··· SOURCE DATA

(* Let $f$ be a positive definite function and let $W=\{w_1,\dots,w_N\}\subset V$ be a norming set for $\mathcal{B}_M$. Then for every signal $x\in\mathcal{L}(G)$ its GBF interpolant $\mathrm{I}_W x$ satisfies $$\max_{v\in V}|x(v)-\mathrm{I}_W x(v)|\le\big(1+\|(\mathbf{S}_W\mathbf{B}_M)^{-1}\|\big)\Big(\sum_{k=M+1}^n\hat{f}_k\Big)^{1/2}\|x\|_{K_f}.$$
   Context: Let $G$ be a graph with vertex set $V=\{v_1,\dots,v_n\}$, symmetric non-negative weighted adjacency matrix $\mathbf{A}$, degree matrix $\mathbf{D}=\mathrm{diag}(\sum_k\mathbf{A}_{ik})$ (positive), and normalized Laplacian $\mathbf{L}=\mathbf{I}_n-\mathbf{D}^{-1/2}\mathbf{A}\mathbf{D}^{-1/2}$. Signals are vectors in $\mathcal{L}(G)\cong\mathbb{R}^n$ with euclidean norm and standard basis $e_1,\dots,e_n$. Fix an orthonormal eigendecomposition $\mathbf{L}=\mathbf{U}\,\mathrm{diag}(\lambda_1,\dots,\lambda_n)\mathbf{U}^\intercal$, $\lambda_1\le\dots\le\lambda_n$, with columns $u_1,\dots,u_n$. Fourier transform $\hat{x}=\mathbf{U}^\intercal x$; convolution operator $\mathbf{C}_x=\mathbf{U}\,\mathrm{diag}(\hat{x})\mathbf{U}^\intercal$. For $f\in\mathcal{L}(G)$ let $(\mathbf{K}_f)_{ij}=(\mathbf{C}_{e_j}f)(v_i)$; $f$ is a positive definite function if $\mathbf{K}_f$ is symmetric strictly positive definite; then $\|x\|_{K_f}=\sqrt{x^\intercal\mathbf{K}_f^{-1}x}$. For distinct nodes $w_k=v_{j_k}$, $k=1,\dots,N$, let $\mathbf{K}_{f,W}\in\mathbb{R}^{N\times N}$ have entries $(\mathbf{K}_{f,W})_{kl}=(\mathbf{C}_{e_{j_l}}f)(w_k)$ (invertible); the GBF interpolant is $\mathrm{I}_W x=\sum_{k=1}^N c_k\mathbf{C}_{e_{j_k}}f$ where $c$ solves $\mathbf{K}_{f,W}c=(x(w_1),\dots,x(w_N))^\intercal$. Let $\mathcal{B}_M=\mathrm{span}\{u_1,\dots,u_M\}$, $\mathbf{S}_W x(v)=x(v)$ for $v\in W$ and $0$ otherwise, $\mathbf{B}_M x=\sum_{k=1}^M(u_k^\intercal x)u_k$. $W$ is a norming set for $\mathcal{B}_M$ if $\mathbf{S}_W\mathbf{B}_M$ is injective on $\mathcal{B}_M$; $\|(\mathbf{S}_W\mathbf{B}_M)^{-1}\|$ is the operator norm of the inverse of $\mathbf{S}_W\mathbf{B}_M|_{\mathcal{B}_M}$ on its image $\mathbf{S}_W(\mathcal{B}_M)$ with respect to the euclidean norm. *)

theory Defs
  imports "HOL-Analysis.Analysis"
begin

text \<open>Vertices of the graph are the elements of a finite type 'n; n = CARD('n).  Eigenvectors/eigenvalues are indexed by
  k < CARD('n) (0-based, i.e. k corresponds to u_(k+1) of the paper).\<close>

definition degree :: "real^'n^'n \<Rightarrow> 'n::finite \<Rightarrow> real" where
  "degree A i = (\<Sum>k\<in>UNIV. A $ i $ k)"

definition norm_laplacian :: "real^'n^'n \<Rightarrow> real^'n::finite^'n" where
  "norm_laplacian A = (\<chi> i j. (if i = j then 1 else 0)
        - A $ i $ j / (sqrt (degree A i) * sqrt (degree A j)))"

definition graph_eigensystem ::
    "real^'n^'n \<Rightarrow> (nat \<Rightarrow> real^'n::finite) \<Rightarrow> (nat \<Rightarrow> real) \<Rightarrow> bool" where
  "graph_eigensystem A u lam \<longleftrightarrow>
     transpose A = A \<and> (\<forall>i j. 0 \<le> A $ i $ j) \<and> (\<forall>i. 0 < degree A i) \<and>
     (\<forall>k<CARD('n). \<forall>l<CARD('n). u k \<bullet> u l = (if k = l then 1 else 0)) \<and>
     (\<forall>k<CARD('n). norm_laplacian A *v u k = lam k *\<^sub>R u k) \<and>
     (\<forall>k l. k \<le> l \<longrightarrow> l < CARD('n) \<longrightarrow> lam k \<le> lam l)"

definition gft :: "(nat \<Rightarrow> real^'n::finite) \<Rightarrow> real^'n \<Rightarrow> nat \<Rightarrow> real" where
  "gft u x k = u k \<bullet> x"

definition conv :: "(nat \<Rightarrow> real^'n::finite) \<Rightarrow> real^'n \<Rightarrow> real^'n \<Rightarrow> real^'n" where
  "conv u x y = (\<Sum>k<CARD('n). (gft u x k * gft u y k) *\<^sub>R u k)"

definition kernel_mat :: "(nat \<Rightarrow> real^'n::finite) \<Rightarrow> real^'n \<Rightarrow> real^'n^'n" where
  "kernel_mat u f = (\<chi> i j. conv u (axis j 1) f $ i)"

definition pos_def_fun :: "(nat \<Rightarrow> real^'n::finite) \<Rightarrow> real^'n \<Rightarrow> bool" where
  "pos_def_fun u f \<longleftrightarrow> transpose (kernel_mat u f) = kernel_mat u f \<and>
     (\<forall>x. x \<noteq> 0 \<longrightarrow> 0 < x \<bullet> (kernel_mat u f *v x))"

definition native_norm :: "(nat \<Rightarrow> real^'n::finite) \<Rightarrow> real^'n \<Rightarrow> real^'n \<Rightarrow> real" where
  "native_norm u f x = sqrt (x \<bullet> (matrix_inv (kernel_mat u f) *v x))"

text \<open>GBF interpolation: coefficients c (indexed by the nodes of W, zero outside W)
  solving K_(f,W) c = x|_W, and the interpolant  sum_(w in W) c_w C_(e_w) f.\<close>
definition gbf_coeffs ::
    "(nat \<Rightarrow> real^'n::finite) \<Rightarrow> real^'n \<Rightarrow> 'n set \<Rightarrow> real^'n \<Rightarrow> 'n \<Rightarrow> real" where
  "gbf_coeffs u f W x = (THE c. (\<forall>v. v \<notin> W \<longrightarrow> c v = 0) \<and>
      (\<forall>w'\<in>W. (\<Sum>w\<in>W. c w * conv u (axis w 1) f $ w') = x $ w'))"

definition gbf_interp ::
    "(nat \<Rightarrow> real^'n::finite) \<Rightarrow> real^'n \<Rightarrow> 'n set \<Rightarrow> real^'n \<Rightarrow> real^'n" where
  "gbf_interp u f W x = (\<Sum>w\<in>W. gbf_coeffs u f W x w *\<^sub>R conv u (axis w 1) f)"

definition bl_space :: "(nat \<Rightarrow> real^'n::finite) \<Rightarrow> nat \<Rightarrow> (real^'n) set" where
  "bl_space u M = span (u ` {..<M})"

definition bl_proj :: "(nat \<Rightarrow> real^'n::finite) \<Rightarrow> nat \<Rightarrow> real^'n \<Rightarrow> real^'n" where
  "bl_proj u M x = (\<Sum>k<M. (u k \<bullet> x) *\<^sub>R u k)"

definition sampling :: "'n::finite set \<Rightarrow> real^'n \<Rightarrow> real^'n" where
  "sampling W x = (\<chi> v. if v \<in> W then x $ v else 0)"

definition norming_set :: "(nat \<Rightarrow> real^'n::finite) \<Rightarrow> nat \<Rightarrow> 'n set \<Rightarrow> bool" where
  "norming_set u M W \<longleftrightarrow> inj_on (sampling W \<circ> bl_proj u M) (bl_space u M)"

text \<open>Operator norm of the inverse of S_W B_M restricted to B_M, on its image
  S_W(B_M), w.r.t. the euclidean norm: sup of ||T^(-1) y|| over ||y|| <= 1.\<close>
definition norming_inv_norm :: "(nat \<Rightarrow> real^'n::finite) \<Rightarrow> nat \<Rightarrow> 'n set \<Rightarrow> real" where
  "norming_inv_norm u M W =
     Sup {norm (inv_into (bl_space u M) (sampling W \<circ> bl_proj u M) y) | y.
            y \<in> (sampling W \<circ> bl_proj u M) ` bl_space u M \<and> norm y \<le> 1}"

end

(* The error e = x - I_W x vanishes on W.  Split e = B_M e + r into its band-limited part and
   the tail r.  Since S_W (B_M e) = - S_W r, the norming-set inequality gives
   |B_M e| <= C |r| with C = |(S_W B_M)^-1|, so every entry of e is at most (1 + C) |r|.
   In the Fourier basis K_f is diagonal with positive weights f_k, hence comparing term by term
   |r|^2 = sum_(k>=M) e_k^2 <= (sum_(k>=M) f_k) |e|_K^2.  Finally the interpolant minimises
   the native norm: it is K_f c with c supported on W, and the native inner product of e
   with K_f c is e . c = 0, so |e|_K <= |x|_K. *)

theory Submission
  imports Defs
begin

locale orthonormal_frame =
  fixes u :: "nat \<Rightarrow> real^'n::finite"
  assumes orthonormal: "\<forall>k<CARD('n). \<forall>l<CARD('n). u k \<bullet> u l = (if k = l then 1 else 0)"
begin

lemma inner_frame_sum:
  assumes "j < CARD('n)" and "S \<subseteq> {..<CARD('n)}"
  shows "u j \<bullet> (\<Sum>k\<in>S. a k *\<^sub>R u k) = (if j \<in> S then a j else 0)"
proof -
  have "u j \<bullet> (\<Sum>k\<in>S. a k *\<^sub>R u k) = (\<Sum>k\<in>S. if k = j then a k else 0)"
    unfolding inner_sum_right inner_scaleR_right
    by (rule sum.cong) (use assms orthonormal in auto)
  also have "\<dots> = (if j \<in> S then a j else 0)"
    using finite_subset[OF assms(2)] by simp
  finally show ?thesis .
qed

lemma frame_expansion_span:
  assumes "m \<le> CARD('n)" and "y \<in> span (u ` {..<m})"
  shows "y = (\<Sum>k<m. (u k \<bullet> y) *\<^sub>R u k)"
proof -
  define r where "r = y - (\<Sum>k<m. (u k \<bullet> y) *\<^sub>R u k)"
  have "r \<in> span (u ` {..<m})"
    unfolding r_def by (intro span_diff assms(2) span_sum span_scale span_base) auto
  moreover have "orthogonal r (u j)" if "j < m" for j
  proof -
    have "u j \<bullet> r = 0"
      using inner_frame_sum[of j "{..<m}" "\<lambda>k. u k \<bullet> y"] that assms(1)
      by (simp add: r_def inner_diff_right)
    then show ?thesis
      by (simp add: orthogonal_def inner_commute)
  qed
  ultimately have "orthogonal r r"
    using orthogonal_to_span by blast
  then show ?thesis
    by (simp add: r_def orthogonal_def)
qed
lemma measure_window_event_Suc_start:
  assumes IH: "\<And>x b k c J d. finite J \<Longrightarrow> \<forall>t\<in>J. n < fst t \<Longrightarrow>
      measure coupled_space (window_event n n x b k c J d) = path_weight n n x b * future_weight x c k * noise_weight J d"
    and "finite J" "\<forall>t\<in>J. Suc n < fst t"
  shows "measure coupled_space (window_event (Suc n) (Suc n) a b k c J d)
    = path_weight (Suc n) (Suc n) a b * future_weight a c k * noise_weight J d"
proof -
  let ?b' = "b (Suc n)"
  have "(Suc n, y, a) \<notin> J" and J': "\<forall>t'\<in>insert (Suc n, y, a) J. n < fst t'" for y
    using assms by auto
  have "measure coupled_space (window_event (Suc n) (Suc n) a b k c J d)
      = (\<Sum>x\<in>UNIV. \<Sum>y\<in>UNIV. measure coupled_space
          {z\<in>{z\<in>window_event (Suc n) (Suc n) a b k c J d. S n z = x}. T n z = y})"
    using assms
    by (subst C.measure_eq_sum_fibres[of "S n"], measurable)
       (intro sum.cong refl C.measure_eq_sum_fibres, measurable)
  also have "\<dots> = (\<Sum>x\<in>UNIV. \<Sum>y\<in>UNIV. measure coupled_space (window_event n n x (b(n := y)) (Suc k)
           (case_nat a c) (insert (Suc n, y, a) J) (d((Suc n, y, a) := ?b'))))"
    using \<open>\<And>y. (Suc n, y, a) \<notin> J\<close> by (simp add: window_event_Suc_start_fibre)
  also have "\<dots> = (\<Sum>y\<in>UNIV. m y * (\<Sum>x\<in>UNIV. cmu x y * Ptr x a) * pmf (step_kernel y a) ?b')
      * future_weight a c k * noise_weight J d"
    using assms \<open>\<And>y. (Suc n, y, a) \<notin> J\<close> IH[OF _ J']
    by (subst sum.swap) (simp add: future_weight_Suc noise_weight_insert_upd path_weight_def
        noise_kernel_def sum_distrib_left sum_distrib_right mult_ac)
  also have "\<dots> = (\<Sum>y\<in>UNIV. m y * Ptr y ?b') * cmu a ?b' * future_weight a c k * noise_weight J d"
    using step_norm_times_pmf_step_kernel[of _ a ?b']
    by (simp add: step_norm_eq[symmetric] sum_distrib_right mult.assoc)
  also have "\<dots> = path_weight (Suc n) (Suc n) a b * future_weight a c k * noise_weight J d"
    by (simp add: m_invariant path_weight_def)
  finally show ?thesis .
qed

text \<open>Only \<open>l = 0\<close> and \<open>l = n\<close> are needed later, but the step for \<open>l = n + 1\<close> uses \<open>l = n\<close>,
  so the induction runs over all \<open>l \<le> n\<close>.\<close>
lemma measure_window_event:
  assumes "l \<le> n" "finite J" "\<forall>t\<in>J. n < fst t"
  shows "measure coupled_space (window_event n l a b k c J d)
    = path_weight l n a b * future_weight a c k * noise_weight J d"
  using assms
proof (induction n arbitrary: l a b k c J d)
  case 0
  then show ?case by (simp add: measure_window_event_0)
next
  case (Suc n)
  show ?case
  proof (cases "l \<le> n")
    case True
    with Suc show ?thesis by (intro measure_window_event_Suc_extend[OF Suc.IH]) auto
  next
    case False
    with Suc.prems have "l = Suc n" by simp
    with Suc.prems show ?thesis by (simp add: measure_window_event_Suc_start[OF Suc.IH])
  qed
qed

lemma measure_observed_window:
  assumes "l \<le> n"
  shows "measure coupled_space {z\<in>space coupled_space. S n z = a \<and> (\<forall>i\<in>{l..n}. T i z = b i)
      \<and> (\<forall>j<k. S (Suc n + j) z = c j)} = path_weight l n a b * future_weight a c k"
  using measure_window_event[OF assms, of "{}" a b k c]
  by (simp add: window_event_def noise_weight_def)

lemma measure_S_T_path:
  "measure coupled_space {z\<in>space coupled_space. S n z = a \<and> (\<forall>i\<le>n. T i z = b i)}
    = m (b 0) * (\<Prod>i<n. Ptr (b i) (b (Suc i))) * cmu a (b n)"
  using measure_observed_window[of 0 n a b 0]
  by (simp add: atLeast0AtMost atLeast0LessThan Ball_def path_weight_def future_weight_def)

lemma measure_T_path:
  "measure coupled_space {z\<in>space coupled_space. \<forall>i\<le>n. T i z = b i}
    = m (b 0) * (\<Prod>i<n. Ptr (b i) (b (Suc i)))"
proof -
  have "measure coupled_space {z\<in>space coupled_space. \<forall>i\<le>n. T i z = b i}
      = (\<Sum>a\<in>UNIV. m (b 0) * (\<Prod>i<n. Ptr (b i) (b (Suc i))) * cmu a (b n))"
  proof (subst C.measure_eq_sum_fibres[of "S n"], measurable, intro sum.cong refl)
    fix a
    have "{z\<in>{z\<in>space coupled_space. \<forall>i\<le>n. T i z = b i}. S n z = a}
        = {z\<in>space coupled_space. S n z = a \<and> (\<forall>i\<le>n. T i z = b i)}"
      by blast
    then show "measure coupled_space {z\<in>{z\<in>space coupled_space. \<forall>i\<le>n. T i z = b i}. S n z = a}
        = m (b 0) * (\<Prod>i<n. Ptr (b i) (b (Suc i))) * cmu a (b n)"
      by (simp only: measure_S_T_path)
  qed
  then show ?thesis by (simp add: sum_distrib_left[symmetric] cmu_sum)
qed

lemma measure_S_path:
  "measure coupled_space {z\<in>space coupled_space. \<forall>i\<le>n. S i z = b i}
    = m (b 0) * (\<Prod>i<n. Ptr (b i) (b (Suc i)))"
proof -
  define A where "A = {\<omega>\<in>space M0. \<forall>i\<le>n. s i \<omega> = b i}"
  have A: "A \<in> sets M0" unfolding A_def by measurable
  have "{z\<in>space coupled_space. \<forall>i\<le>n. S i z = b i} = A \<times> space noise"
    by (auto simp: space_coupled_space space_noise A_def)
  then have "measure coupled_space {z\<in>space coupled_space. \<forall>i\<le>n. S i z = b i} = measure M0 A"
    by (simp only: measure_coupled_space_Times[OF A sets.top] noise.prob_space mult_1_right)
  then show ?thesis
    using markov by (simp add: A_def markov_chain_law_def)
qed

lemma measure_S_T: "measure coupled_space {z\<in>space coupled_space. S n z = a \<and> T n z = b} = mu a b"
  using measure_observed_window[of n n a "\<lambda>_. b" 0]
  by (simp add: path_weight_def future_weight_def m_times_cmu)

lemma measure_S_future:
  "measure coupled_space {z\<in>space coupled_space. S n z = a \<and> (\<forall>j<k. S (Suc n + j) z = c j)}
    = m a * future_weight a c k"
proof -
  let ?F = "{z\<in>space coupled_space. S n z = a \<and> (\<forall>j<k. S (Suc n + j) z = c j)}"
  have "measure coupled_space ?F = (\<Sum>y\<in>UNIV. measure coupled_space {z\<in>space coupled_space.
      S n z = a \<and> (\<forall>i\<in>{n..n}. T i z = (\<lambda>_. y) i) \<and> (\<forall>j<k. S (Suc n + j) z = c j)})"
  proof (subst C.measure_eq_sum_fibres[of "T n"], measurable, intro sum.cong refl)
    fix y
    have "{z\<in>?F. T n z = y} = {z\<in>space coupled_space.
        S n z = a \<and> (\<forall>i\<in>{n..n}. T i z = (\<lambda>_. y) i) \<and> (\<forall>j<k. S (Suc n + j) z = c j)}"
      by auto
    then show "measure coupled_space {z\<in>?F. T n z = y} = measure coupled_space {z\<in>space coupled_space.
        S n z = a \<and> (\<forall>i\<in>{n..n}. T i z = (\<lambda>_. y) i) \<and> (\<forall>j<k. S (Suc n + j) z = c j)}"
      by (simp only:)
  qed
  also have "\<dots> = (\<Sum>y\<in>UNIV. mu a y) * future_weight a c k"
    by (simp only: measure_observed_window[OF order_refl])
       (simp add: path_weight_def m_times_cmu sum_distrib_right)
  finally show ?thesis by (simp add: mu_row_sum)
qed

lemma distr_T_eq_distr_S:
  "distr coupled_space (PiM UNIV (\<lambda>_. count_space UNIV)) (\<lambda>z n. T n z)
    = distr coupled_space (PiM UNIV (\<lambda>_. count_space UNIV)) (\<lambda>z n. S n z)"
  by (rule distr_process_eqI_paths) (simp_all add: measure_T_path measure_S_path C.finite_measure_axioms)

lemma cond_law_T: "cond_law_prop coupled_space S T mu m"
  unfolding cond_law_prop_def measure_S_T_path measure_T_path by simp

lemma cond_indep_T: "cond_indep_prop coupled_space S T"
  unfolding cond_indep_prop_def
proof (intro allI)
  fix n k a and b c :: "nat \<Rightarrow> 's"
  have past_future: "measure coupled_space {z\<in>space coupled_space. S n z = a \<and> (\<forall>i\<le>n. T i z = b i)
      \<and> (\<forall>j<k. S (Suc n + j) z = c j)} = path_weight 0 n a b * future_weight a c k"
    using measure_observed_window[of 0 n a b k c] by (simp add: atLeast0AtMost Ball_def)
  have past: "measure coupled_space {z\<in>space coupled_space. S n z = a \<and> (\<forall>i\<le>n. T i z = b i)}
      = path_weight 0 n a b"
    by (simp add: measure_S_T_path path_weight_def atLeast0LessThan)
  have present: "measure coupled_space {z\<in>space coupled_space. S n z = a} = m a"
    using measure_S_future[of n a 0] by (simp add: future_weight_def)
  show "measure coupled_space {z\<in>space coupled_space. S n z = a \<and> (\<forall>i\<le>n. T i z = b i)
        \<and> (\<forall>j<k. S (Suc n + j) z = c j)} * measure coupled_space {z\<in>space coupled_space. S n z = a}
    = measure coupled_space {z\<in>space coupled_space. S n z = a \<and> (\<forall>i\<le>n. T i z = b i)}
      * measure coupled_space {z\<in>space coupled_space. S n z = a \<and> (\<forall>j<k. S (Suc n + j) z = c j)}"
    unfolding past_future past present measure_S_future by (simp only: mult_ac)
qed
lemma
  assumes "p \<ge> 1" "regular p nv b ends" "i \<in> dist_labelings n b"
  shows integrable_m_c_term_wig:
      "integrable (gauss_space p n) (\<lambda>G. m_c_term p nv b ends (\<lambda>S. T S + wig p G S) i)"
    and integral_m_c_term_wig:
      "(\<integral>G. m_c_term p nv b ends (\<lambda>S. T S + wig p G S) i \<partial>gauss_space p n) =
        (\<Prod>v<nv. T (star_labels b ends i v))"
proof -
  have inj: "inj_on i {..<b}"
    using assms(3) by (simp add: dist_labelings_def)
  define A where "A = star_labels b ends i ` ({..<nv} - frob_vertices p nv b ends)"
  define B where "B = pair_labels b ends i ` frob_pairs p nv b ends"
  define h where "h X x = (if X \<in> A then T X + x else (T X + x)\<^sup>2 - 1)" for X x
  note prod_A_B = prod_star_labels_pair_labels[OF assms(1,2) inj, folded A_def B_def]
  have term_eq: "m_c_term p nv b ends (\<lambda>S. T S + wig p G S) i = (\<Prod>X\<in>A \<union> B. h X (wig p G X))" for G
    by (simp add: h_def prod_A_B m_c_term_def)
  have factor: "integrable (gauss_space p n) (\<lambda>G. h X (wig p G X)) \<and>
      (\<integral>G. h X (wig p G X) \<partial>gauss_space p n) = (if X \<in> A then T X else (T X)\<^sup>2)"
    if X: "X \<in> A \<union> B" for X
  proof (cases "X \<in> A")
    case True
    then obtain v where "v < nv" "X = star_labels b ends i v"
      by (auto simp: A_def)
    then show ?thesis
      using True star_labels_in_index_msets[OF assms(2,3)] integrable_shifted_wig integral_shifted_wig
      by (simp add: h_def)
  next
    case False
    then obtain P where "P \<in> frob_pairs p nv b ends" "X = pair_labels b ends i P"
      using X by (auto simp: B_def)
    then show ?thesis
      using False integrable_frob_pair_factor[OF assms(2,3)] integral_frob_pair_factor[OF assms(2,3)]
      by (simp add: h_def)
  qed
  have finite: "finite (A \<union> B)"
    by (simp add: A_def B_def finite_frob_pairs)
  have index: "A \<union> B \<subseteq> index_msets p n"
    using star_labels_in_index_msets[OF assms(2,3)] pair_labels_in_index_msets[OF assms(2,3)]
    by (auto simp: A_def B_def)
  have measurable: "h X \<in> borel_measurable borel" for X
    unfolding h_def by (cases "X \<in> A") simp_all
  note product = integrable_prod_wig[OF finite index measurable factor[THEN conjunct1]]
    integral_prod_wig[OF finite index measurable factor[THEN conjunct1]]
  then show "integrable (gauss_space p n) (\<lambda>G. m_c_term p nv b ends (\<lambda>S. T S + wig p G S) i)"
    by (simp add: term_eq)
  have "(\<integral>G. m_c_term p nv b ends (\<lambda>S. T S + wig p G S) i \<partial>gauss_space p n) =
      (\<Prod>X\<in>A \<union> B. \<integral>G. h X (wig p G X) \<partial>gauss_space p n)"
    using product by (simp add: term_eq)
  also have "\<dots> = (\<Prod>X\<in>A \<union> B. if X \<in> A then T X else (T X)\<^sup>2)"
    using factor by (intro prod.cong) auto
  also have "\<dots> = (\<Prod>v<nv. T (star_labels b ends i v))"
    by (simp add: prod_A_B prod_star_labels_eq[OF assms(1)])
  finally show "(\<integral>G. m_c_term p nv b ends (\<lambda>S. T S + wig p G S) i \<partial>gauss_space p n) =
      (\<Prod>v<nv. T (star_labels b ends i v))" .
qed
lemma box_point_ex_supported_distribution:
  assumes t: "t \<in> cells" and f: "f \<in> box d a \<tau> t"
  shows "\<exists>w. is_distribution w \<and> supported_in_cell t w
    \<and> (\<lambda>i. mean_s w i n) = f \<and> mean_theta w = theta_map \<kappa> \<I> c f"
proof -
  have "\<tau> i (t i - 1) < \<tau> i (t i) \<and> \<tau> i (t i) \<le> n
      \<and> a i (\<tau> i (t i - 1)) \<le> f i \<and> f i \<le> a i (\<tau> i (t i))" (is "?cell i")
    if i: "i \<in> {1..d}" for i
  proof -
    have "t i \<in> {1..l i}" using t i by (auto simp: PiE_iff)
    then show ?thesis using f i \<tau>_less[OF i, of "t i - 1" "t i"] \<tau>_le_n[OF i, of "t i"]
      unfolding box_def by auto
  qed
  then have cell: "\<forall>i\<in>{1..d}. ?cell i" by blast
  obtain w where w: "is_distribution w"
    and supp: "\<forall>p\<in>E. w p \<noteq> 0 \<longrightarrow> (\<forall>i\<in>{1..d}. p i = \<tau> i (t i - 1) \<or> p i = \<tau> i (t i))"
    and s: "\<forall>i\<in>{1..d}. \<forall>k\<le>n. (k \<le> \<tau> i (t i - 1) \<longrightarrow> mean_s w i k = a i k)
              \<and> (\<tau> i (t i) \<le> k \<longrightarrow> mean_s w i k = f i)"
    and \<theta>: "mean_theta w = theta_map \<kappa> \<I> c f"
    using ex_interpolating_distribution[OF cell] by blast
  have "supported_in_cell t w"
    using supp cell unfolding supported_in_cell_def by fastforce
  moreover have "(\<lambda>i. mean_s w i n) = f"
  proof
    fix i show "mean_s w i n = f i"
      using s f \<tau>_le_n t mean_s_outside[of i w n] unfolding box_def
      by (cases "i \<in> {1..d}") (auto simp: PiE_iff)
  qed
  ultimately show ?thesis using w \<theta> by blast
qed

······

→ ASSIGNMENT
Locate all lines in the listing above with the word "partial" and copy them.

→ RESPONSE
      "(\<integral>G. m_c_term p nv b ends (\<lambda>S. T S + wig p G S) i \<partial>gauss_space p n) =
      (\<integral>G. h X (wig p G X) \<partial>gauss_space p n) = (if X \<in> A then T X else (T X)\<^sup>2)"
  have "(\<integral>G. m_c_term p nv b ends (\<lambda>S. T S + wig p G S) i \<partial>gauss_space p n) =
      (\<Prod>X\<in>A \<union> B. \<integral>G. h X (wig p G X) \<partial>gauss_space p n)"
  finally show "(\<integral>G. m_c_term p nv b ends (\<lambda>S. T S + wig p G S) i \<partial>gauss_space p n) =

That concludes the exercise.